Work to be completed
For the listing that follows, give again exactly the lines from the one with "imports Defs" to the one with "fix \<open>a\<^sup>*\<close>; then", including both.
____
(* Let $R$ be a commutative $*$-ring with unity and $a,b\in R$. If $a\leq b$ in the natural partial order, then $a\underset{*}{\leqslant} b$, i.e. $a^*a=a^*b$ and $aa^*=ba^*$.
   Context: The natural partial order: $a\leq b$ iff there is $x\in R$ with $a=xa=xb=ax^*=bx^*$. The $*$-order (Drazin): $a\underset{*}{\leqslant} b$ iff $a^*a=a^*b$ and $aa^*=ba^*$. *)

theory Defs
  imports Main
begin

definition is_involution :: "('a::comm_ring_1 \<Rightarrow> 'a) \<Rightarrow> bool" where
  "is_involution s \<longleftrightarrow>
     (\<forall>x y. s (x + y) = s x + s y) \<and>
     (\<forall>x y. s (x * y) = s y * s x) \<and>
     (\<forall>x. s (s x) = x)"

definition nat_le :: "('a::comm_ring_1 \<Rightarrow> 'a) \<Rightarrow> 'a \<Rightarrow> 'a \<Rightarrow> bool" where
  "nat_le s a b \<longleftrightarrow>
     (\<exists>x. a = x * a \<and> a = x * b \<and> a = a * s x \<and> a = b * s x)"

definition star_le :: "('a::comm_ring_1 \<Rightarrow> 'a) \<Rightarrow> 'a \<Rightarrow> 'a \<Rightarrow> bool" where
  "star_le s a b \<longleftrightarrow> s a * a = s a * b \<and> a * s a = b * s a"

end

theory Submission
  imports Defs
begin

text \<open>Applying the involution to \<open>a = x a\<close> and \<open>a = a x\<^sup>*\<close> shows that \<open>x\<close> and \<open>x\<^sup>*\<close> both
  fix \<open>a\<^sup>*\<close>; then \<open>a\<^sup>*a = a\<^sup>*x b = a\<^sup>*b\<close> and \<open>a a\<^sup>* = b x\<^sup>*a\<^sup>* = b a\<^sup>*\<close>.\<close>

lemma involution_mult_fixed:
  fixes s :: "'a::comm_ring_1 \<Rightarrow> 'a"
  assumes "is_involution s" and "a = y * a"
  shows "s a = s y * s a"
proof -
  have "s a = s (y * a)" using assms(2) by simp
  also have "\<dots> = s a * s y" using assms(1) unfolding is_involution_def by blast
  finally show ?thesis by (simp add: mult.commute)
qed

lemma involution_involutive:
  "is_involution s \<Longrightarrow> s (s x) = x"
  unfolding is_involution_def by blast

theorem mainTheorem3:
  fixes s :: "'a::comm_ring_1 \<Rightarrow> 'a" and a b :: 'a
  assumes "is_involution s"
    and "nat_le s a b"
  shows "star_le s a b"
proof -
  from assms(2) obtain x where
    xa: "a = x * a" and xb: "a = x * b" and ax: "a = a * s x" and bx: "a = b * s x"
    unfolding nat_le_def by blast
  have "s a = s (s x) * s a"
    using involution_mult_fixed[OF assms(1)] ax by (simp add: mult.commute)
  then have x_fixes: "s a = x * s a"
    using involution_involutive[OF assms(1)] by simp
  have sx_fixes: "s a = s x * s a"
    using involution_mult_fixed[OF assms(1) xa] .
  have "s a * a = s a * b"
    by (metis x_fixes xb mult.assoc mult.commute)
  moreover have "a * s a = b * s a"
    by (metis sx_fixes bx mult.assoc)
  ultimately show ?thesis unfolding star_le_def ..
qed

end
____
Output
  imports Defs
begin

text \<open>Applying the involution to \<open>a = x a\<close> and \<open>a = a x\<^sup>*\<close> shows that \<open>x\<close> and \<open>x\<^sup>*\<close> both
  fix \<open>a\<^sup>*\<close>; then \<open>a\<^sup>*a = a\<^sup>*x b = a\<^sup>*b\<close> and \<open>a a\<^sup>* = b x\<^sup>*a\<^sup>* = b a\<^sup>*\<close>.\<close>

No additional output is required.